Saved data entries
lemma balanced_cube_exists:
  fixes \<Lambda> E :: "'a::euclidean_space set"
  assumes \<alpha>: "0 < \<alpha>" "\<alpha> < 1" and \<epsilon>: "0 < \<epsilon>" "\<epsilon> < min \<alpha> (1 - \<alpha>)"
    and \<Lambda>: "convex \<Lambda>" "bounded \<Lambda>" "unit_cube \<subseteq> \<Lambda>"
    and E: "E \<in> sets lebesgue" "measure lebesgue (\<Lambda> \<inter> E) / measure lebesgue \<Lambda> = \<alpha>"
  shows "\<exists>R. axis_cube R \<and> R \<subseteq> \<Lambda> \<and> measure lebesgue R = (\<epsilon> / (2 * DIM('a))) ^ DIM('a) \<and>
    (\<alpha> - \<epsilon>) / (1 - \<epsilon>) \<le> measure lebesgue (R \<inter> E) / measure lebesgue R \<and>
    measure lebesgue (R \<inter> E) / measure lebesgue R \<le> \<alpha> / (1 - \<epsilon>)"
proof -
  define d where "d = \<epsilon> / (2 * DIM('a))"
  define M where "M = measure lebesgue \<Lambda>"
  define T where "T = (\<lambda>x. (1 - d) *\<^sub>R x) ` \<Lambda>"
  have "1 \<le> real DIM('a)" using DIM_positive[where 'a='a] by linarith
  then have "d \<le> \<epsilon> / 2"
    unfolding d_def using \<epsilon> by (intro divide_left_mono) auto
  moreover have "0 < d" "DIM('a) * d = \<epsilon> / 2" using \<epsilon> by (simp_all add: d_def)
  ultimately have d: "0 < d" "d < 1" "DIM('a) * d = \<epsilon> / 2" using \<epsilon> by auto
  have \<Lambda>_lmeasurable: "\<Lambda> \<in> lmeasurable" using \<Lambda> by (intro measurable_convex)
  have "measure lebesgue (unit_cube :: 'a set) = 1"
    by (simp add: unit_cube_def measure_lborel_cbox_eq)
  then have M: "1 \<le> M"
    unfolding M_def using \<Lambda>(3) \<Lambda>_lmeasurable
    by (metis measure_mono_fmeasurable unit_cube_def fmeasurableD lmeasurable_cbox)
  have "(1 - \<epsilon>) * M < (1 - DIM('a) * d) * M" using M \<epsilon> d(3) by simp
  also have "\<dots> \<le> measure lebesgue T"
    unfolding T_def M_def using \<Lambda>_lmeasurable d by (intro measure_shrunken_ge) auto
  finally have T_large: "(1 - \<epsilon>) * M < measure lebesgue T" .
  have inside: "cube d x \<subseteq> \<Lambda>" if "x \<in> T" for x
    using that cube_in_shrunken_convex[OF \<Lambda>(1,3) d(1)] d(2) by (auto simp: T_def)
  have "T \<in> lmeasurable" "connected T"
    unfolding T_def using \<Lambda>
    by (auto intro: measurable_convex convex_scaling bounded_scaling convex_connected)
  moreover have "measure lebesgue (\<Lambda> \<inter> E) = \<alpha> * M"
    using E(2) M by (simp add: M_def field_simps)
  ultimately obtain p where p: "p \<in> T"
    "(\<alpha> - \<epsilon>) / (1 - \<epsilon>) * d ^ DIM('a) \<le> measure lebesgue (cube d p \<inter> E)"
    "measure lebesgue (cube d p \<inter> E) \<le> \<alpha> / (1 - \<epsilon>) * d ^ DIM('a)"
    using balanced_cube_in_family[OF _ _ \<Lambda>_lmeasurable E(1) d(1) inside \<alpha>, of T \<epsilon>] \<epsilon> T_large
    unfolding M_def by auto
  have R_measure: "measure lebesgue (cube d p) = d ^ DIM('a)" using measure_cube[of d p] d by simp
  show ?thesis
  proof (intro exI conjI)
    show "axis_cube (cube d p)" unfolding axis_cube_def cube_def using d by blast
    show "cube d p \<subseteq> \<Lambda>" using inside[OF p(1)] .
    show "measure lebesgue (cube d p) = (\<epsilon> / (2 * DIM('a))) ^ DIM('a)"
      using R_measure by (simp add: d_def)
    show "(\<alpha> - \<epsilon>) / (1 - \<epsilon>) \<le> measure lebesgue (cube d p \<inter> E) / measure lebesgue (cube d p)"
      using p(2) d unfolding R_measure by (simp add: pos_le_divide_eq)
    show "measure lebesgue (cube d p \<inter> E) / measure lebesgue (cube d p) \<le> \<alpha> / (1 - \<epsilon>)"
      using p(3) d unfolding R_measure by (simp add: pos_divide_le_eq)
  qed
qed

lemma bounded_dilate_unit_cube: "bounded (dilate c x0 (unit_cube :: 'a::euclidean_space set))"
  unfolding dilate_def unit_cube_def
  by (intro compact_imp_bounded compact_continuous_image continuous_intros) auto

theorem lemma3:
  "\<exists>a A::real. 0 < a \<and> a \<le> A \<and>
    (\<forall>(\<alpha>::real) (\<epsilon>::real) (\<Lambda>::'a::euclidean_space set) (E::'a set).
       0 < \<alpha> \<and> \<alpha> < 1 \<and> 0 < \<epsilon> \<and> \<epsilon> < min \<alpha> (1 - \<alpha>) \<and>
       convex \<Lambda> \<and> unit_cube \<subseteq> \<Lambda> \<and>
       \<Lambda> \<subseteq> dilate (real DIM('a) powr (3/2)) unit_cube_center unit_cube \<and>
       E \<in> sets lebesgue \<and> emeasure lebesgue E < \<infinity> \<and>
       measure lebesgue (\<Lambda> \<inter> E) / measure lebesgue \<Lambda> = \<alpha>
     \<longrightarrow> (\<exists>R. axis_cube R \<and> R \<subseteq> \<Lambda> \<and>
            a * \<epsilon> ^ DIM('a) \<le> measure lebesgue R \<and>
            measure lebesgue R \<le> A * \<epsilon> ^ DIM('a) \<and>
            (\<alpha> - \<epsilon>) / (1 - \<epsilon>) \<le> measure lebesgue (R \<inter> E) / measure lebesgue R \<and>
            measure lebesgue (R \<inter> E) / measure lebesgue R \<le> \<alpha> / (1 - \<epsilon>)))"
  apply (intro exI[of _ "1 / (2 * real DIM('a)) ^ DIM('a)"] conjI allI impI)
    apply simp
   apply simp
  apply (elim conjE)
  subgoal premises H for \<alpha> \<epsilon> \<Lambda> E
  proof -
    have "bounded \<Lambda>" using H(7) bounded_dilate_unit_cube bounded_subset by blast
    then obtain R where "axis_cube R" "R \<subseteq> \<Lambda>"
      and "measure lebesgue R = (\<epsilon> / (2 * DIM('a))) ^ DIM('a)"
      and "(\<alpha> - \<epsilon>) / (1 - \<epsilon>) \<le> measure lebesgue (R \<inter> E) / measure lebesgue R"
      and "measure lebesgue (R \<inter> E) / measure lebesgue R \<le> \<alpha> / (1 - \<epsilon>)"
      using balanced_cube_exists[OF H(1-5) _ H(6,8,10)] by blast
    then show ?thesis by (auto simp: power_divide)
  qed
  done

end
--
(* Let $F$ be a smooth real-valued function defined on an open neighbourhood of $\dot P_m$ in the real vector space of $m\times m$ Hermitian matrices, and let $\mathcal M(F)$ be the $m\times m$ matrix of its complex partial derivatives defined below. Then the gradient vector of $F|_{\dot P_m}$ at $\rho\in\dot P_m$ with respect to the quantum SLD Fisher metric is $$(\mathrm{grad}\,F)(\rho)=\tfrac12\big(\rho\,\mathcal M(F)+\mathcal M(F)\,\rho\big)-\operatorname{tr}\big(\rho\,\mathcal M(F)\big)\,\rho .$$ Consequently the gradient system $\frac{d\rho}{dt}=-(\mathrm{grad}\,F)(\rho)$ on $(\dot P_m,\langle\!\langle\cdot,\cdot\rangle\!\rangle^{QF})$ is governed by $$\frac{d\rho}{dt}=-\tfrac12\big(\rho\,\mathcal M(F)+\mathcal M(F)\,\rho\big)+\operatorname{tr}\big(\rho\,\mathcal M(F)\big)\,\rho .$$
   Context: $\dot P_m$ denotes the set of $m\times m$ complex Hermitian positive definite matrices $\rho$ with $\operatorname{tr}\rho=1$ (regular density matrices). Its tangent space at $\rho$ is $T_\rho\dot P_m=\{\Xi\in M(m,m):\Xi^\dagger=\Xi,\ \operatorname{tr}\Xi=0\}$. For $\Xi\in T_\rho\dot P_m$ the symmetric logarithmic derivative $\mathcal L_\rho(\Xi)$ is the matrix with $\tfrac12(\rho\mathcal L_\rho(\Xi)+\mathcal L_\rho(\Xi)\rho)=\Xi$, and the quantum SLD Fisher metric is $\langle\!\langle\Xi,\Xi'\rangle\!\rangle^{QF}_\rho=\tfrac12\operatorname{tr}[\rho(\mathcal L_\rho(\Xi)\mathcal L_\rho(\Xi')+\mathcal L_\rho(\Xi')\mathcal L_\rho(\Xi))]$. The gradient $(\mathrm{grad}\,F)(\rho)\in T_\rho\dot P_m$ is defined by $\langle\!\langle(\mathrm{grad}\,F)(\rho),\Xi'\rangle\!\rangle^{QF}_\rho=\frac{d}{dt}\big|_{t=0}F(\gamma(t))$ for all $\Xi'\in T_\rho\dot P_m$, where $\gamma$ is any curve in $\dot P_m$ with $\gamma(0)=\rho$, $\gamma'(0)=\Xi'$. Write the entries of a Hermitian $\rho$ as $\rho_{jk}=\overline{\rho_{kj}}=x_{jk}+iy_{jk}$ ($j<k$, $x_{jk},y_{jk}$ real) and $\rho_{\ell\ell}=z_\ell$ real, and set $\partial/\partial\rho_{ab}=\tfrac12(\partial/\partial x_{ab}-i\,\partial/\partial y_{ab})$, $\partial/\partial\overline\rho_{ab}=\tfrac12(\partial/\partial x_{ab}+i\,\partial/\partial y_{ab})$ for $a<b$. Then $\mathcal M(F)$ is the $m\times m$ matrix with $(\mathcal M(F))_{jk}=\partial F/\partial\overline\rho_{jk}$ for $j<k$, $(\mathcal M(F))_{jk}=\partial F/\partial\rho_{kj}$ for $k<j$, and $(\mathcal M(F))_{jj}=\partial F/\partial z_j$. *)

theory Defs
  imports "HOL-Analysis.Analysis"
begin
* * *
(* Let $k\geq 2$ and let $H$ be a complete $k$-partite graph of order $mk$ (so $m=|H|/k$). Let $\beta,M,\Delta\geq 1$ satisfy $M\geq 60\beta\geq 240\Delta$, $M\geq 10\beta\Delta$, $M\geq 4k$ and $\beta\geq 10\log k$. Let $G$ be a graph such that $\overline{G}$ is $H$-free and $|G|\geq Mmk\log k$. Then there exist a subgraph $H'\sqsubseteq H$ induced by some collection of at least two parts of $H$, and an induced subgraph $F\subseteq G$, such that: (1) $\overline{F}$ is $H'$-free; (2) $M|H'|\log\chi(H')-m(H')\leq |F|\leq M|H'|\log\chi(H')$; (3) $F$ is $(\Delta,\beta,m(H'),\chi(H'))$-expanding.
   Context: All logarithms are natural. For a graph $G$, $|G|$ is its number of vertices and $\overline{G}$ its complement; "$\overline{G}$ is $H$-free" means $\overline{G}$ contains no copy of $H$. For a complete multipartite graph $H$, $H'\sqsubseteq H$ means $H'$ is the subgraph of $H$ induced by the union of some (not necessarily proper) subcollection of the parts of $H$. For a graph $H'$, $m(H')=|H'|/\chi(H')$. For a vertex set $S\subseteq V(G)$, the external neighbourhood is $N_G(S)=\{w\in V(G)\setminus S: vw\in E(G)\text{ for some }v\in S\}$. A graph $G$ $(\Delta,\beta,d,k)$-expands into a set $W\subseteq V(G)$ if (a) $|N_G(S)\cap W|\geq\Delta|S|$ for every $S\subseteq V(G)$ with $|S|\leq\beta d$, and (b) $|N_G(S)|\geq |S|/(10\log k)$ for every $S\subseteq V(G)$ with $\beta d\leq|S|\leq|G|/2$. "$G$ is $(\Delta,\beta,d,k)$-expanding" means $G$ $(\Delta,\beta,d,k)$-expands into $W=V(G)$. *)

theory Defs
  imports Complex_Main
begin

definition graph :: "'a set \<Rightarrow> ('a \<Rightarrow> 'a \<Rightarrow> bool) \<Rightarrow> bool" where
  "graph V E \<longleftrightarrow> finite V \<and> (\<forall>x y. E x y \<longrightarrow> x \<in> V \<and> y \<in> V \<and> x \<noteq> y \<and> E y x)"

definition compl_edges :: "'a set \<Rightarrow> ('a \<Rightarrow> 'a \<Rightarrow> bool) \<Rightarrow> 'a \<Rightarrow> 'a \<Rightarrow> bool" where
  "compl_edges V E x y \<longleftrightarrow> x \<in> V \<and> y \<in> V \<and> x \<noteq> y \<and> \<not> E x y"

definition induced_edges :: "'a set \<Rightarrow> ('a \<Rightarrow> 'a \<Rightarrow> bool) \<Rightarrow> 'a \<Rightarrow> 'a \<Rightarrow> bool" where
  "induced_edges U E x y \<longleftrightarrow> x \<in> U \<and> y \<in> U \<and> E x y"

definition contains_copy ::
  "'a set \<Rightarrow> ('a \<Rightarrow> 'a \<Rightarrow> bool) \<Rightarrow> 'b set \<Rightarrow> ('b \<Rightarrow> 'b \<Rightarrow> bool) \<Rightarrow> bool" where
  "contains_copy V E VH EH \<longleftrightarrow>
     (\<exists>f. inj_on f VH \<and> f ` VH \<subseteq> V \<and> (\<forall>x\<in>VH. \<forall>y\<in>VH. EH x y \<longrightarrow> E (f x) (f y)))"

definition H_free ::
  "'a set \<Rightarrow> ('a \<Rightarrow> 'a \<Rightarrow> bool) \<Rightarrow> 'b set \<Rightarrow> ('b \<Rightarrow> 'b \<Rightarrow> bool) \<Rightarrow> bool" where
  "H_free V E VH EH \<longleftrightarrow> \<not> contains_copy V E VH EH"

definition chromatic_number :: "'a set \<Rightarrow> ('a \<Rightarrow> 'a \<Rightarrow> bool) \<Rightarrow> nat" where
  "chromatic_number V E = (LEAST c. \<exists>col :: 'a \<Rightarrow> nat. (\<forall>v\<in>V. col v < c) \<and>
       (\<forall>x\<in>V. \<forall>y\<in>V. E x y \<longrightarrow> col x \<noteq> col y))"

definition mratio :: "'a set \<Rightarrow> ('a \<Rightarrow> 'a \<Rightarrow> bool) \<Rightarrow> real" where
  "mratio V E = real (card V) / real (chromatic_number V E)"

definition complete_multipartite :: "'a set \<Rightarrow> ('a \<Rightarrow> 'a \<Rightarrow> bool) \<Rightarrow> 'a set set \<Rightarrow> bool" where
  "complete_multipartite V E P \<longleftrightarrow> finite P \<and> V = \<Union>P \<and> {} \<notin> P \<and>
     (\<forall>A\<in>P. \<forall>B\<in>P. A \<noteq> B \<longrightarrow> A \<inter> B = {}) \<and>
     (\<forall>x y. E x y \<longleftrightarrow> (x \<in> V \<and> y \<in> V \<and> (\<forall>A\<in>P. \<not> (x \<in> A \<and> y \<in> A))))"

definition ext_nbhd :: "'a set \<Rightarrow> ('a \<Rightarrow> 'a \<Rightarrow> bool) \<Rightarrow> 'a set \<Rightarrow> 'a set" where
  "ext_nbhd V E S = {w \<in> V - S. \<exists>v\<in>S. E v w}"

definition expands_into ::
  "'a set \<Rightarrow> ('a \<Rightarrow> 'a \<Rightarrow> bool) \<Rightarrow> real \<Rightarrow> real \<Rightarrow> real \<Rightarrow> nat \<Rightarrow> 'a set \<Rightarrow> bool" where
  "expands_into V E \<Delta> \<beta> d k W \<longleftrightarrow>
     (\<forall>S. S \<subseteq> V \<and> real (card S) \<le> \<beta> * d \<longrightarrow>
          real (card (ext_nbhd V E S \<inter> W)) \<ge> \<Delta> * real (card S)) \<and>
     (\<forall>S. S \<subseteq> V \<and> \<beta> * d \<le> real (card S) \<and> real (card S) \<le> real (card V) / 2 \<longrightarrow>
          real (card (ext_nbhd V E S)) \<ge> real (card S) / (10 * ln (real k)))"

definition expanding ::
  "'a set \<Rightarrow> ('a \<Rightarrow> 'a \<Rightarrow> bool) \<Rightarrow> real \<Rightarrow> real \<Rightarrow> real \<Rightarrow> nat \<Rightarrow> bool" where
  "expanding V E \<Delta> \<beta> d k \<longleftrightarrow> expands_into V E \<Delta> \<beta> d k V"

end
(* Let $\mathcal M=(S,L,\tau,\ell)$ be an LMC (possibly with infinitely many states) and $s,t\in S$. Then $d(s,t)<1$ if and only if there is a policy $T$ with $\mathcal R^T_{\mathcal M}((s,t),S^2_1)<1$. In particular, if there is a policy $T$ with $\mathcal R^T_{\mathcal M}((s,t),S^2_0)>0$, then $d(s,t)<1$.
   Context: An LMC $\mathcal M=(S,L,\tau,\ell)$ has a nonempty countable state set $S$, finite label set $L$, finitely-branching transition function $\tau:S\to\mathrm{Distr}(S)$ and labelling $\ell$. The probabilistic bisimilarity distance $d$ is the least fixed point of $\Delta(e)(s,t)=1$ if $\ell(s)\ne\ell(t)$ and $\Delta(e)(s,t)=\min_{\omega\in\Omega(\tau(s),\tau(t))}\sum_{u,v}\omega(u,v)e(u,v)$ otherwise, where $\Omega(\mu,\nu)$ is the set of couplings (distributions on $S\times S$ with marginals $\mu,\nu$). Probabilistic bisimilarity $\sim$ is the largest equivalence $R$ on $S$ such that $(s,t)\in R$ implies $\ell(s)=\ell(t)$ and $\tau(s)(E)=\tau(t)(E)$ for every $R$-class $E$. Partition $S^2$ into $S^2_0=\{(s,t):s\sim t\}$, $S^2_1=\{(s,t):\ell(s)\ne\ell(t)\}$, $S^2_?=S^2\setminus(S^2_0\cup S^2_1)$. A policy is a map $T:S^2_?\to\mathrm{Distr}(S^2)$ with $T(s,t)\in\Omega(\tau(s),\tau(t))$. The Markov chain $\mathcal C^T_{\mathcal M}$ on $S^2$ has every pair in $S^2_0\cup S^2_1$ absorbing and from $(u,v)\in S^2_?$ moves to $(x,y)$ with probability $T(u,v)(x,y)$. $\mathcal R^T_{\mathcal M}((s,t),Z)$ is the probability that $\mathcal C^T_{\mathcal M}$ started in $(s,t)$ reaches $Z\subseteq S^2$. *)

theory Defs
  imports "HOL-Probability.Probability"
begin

WORK TO BE COMPLETED: Look back at the entries above. Retype the line with "real (chromatic_number V", the line with "E P \<longleftrightarrow>", and all lines in between.

RESPONSE TO THE TASK:
  "mratio V E = real (card V) / real (chromatic_number V E)"

definition complete_multipartite :: "'a set \<Rightarrow> ('a \<Rightarrow> 'a \<Rightarrow> bool) \<Rightarrow> 'a set set \<Rightarrow> bool" where
  "complete_multipartite V E P \<longleftrightarrow> finite P \<and> V = \<Union>P \<and> {} \<notin> P \<and>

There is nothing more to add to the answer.